Hot on the heels of the announcement that the EU would be leveling its third set of antitrust charges against the tech behemoth, Google’s offices in Spain have been raided as part of an ongoing tax probe. The raid was the second in as many months, after Google’s French headquarters were also recently raided “on suspicion of tax evasion,” Reuters reports.
For its part, Google has insisted that the company has engaged in no wrongdoing — in Spain or anywhere else. “We comply with the tax law in Spain, as in every other country in which we operate. We are cooperating fully with the authorities in Madrid to answer their questions, as always,” a Google spokesperson told CNNMoney.

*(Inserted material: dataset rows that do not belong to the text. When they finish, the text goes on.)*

lemma count_sat_shift: "count_sat a n = count_sat b n"
  and count_cov_shift: "count_cov a n = count_cov b n"
  using counts_translation_invariant by blast+

lemma num_saturated_count: "num_saturated n = count_sat 1 n"
  by (simp add: num_saturated_def count_sat_def saturated_iff)

lemma num_saturated_rec:
  assumes "2 \<le> n"
  shows "num_saturated n = count_cov 1 (n - 1) + count_cov 1 (n - 2) +
           (\<Sum>m = 1..n - 2. num_saturated m * num_saturated (n - m - 2))"
  unfolding num_saturated_count count_sat_rec[OF assms, of 1]
  by (intro arg_cong2[where f = "(+)"] sum.cong refl arg_cong2[where f = "(*)"]
      count_sat_shift count_cov_shift)

lemma count_cov_rec_1:
  assumes "1 \<le> n"
  shows "count_cov 1 n = (\<Sum>m = 1..n - 2. num_saturated m * count_cov 1 (n - m - 2))"
  unfolding num_saturated_count count_cov_rec[OF assms, of 1]
  by (intro sum.cong refl arg_cong2[where f = "(*)"] count_sat_shift count_cov_shift)

lemma num_saturated_short: "num_saturated 0 = 1" "num_saturated 1 = 1"
  by (simp_all add: num_saturated_count count_sat_short)

lemma count_cov_1: "count_cov 1 1 = 0"
  using count_cov_rec_1[of 1] by simp

section \<open>Generating functions\<close>

unbundle fps_syntax

definition cov_gf :: "int fps" where
  "cov_gf = Abs_fps (\<lambda>n. int (count_cov 1 n))"

lemma one_plus_sat_gf_nth: "(1 + sat_gf) $ n = int (num_saturated n)"
  by (simp add: sat_gf_def num_saturated_short)

lemma sat_gf_mult_nth: "(sat_gf * G) $ n = (\<Sum>i = 1..n. int (num_saturated i) * G $ (n - i))"
proof -
  have "(sat_gf * G) $ n = (\<Sum>i = 0..n. sat_gf $ i * G $ (n - i))" by (rule fps_mult_nth)
  also have "\<dots> = (\<Sum>i = 1..n. sat_gf $ i * G $ (n - i))"
    by (simp add: sum.atLeast_Suc_atMost sat_gf_def)
  also have "\<dots> = (\<Sum>i = 1..n. int (num_saturated i) * G $ (n - i))"
    by (intro sum.cong) (auto simp: sat_gf_def)
  finally show ?thesis .
qed

lemma cov_gf_equation: "cov_gf = 1 + fps_X ^ 2 * (sat_gf * cov_gf)"
proof (rule fps_ext)
  fix n
  show "cov_gf $ n = (1 + fps_X ^ 2 * (sat_gf * cov_gf)) $ n"
  proof (cases "n < 2")
    case True
    then consider "n = 0" | "n = 1" by linarith
    then show ?thesis
      by cases (simp_all add: cov_gf_def count_cov_empty count_cov_1[unfolded One_nat_def]
          fps_X_power_mult_nth)
  next
    case False
    have "(1 + fps_X ^ 2 * (sat_gf * cov_gf)) $ n =
        (\<Sum>i = 1..n - 2. int (num_saturated i) * int (count_cov 1 (n - 2 - i)))"
      using False by (simp add: fps_X_power_mult_nth sat_gf_mult_nth cov_gf_def)
    also have "\<dots> = int (count_cov 1 n)"
      using count_cov_rec_1[of n] False by (simp add: of_nat_sum diff_diff_eq add.commute)
    finally show ?thesis by (simp add: cov_gf_def)
  qed
qed

lemma sat_gf_equation:
  "1 + sat_gf = 1 + fps_X ^ 2 * (sat_gf * (1 + sat_gf)) + (fps_X + fps_X ^ 2) * cov_gf"
proof (rule fps_ext)
  fix n
  show "(1 + sat_gf) $ n = (1 + fps_X ^ 2 * (sat_gf * (1 + sat_gf)) + (fps_X + fps_X ^ 2) * cov_gf) $ n"
  proof (cases "n < 2")
    case True
    then consider "n = 0" | "n = 1" by linarith
    then show ?thesis
      by cases (simp_all add: cov_gf_def count_cov_empty sat_gf_def
          num_saturated_short[unfolded One_nat_def] fps_X_power_mult_nth distrib_right)
  next
    case False
    have square: "(sat_gf * (1 + sat_gf)) $ k = (\<Sum>i = 1..k. int (num_saturated i) * int (num_saturated (k - i)))"
      for k by (simp only: sat_gf_mult_nth one_plus_sat_gf_nth)
    have "(1 + fps_X ^ 2 * (sat_gf * (1 + sat_gf)) + (fps_X + fps_X ^ 2) * cov_gf) $ n =
        (\<Sum>i = 1..n - 2. int (num_saturated i) * int (num_saturated (n - 2 - i))) +
        int (count_cov 1 (n - 1)) + int (count_cov 1 (n - 2))"
      using False
      by (simp add: fps_X_power_mult_nth square cov_gf_def distrib_right)
    also have "\<dots> = int (num_saturated n)"
      using num_saturated_rec[of n] False by (simp add: of_nat_sum algebra_simps diff_diff_eq add.commute)
    finally show ?thesis by (simp only: one_plus_sat_gf_nth)
  qed
qed
lemma maximal_group_frequently_apart_left:
  assumes mg: "(G, {a..b}) \<in> maximal_groups X eps T tau P m delta" and a: "T 0 < a"
  shows "\<exists>\<^sub>F s in at_left a. \<not> (\<exists>C\<in>components X eps T tau P s. G \<subseteq> C)"
proof (rule ccontr)
  assume "\<not> ?thesis"
  then have "\<forall>\<^sub>F s in at_left a. \<exists>C\<in>components X eps T tau P s. G \<subseteq> C"
    by (simp add: frequently_def)
  then obtain a0 where a0: "a0 < a"
    and together: "\<And>s. a0 < s \<Longrightarrow> s < a \<Longrightarrow> \<exists>C\<in>components X eps T tau P s. G \<subseteq> C"
    unfolding eventually_at_left_field by blast
  define a' where "a' = max (T 0) ((a0 + a) / 2)"
  have a': "T 0 \<le> a'" "a0 < a'" "a' < a" using a a0 unfolding a'_def max_def by auto
  have ab: "a \<le> b" using maximal_group_IccD(1)[OF mg] .
  have "\<exists>C\<in>components X eps T tau P t. G \<subseteq> C" if "a' \<le> t" "t < a" for t
    using together that a'(2) by simp
  then have "is_group X eps T tau P m delta G {a'..b}"
    by (rule is_group_extend_left[OF maximal_groupsD(1)[OF mg] ab a'(1) less_imp_le[OF a'(3)]])
  moreover have "{a..b} \<subseteq> {a'..b}" using a' by auto
  ultimately have "{a'..b} = {a..b}" using maximal_groupsD(2)[OF mg] by blast
  then show False using a' ab by (simp add: Icc_eq_Icc)
qed

lemma maximal_group_starts_at_event:
  assumes fin: "finite X" and m: "m \<ge> 1"
    and mg: "(G, {a..b}) \<in> maximal_groups X eps T tau P m delta"
  shows "a = T 0 \<or> a = T tau \<or> (\<exists>x\<in>X. \<exists>y\<in>X. becomes_conn eps T tau P x y a)"
proof (rule ccontr)
  assume not_event: "\<not> ?thesis"
  have a: "T 0 < a" "a < T tau" "a \<le> b"
    using maximal_group_IccD[OF mg] not_event by auto
  have grp: "is_group X eps T tau P m delta G {a..b}" using maximal_groupsD(1)[OF mg] .
  moreover have "a \<in> {a..b}" using a(3) by simp
  ultimately obtain C where C: "C \<in> components X eps T tau P a" "G \<subseteq> C"
    unfolding is_group_def by meson
  have "G \<noteq> {}" using grp m unfolding is_group_def by auto
  define E where "E = {p \<in> X \<times> X. dconn eps T tau P (fst p) (snd p) a}"
  have "\<exists>\<^sub>F s in at_left a. \<exists>p\<in>E. \<not> dconn eps T tau P (fst p) (snd p) s"
    using maximal_group_frequently_apart_left[OF mg a(1)]
  proof (rule frequently_elim1)
    fix s assume "\<not> (\<exists>C\<in>components X eps T tau P s. G \<subseteq> C)"
    then show "\<exists>p\<in>E. \<not> dconn eps T tau P (fst p) (snd p) s"
      using in_one_component_mono[OF C \<open>G \<noteq> {}\<close>, of s] unfolding E_def by auto
  qed
  moreover have "finite E" using fin unfolding E_def by auto
  ultimately obtain p where "p \<in> E" "\<exists>\<^sub>F s in at_left a. \<not> dconn eps T tau P (fst p) (snd p) s"
    using frequently_bex_finite[of E "\<lambda>s p. \<not> dconn eps T tau P (fst p) (snd p) s" "at_left a"]
    by blast
  then have "fst p \<in> X" "snd p \<in> X" "becomes_conn eps T tau P (fst p) (snd p) a"
    using a unfolding E_def becomes_conn_iff by auto
  then show False using not_event by blast
qed
lemma not_powers_in_language_one:
  assumes "1 \<le> ks j"
  shows "\<not> powers_in_language ks j [1]"
proof
  assume "powers_in_language ks j [1]"
  then have "replicate (Suc (ks j)) 1 \<in> language ks j"
    unfolding powers_in_language_def by (metis concat_replicate_single)
  then obtain v where "v \<in> language ks (Suc j)" "sublist (replicate (Suc (ks j)) 1) (chi_word (ks j) v)"
    using language_desubstitute[of ks j, OF assms] by blast
  then show False
    using replicate_one_not_sublist_chi_word language_subset_alphabet by blast
qed

lemma powers_in_language_three:
  assumes k: "1 \<le> ks j" and P: "powers_in_language ks j [3]"
  shows "ks j = 1 \<and> powers_in_language ks (Suc j) [3]"
proof -
  obtain u' where u': "chi_word (ks j) u' = [3]" "powers_in_language ks (Suc j) u'"
    using powers_in_language_desubstitute[OF k P] by force
  have alph: "set u' \<subseteq> alphabet"
    using powers_in_language_subset_alphabet[OF u'(2)] .
  then have "length u' = 1"
    using length_filter_chi_word[OF alph, of "ks j"] u'(1) by simp
  then obtain b where b: "u' = [b]"
    by (cases u') auto
  then have "b \<in> alphabet" and "chi (ks j) b = [3]"
    using alph u'(1) by auto
  then have "b = 3 \<and> ks j = 1"
    using k by (auto simp: alphabet_iff chi_def)
  then show ?thesis
    using u'(2) b by simp
qed

lemma powers_in_language_shorten:
  assumes k: "1 \<le> ks j" and P: "powers_in_language ks j u" and one: "1 \<in> set u"
  shows "\<exists>u'. u' \<noteq> [] \<and> length u' < length u \<and> powers_in_language ks (Suc j) u'"
proof (cases "set u \<subseteq> {1}")
  case True
  have "u \<noteq> []"
    using one by auto
  then have "powers_in_language ks j [1]"
    using powers_in_language_letter[OF P _ True] by blast
  then show ?thesis
    using not_powers_in_language_one[of ks j, OF k] by blast
next
  case False
  then obtain i where i: "i < length u" "u ! i \<noteq> 1"
    by (metis in_set_conv_nth singletonI subsetI)
  define r where "r = drop i u @ take i u"
  have set_r: "set r = set u"
    unfolding r_def by (metis append_take_drop_id set_append sup_commute)
  have len_r: "length r = length u"
    unfolding r_def by simp
  have "r \<noteq> []" "hd r \<noteq> 1"
    using i unfolding r_def by (auto simp: hd_drop_conv_nth)
  then obtain u' where u': "r = chi_word (ks j) u'" "powers_in_language ks (Suc j) u'"
    using powers_in_language_desubstitute[OF k powers_in_language_conjugate[OF P]] r_def by blast
  have "length u' < length r"
    using length_less_length_chi_word[OF powers_in_language_subset_alphabet[OF u'(2)]] u'(1) set_r one
    by simp
  moreover have "u' \<noteq> []"
    using \<open>r \<noteq> []\<close> u'(1) by auto
  ultimately show ?thesis
    using u'(2) len_r by auto
qed

lemma powers_in_language_two:
  assumes k: "1 \<le> ks j" and P: "powers_in_language ks j u"
    and two: "2 \<in> set u" and no_one: "1 \<notin> set u"
  shows "\<exists>u'. 1 \<in> set u' \<and> length u' \<le> length u \<and> powers_in_language ks (Suc j) u'"
proof -
  have "u \<noteq> []" "hd u \<noteq> 1"
    using two no_one by (cases u; auto)+
  then obtain u' where u': "u = chi_word (ks j) u'" "powers_in_language ks (Suc j) u'"
    using powers_in_language_desubstitute[OF k P] by blast
  have alph: "set u' \<subseteq> alphabet"
    using powers_in_language_subset_alphabet[OF u'(2)] .
  obtain b where b: "b \<in> set u'" "2 \<in> set (chi (ks j) b)"
    using two u'(1) by (auto simp: set_subst_word)
  moreover have "b \<in> alphabet"
    using b(1) alph by blast
  ultimately have "b = 1"
    by (auto simp: alphabet_iff chi_def)
  moreover have "length u' \<le> length u"
    using length_le_length_chi_word[OF alph] u'(1) by simp
  ultimately show ?thesis
    using b(1) u'(2) by auto
qed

But clearly, authorities aren’t on the same page. According to Reuters, the Thursday raid was given the green light by a court in the Spanish capital of Madrid.
The Silicon Valley-based company continues to find itself in hot water over tax laws. While the firm reports most sales in Ireland, where taxes are very low, other countries are now looking to get their cut. A recent settlement saw Google agree to pay the U.K. government $185 million for more than a decade of unpaid taxes (beginning in 2005), but British authorities say that the sum, while hefty, is still a “sweetheart deal.” Italy also appears to be investigating similar action against the company.
As per its last earnings report, which was released in April, the tech giant reported that worldwide revenue was a staggering $20.26 billion in a single quarter. So if there is tax to be paid, there’s a lot of it.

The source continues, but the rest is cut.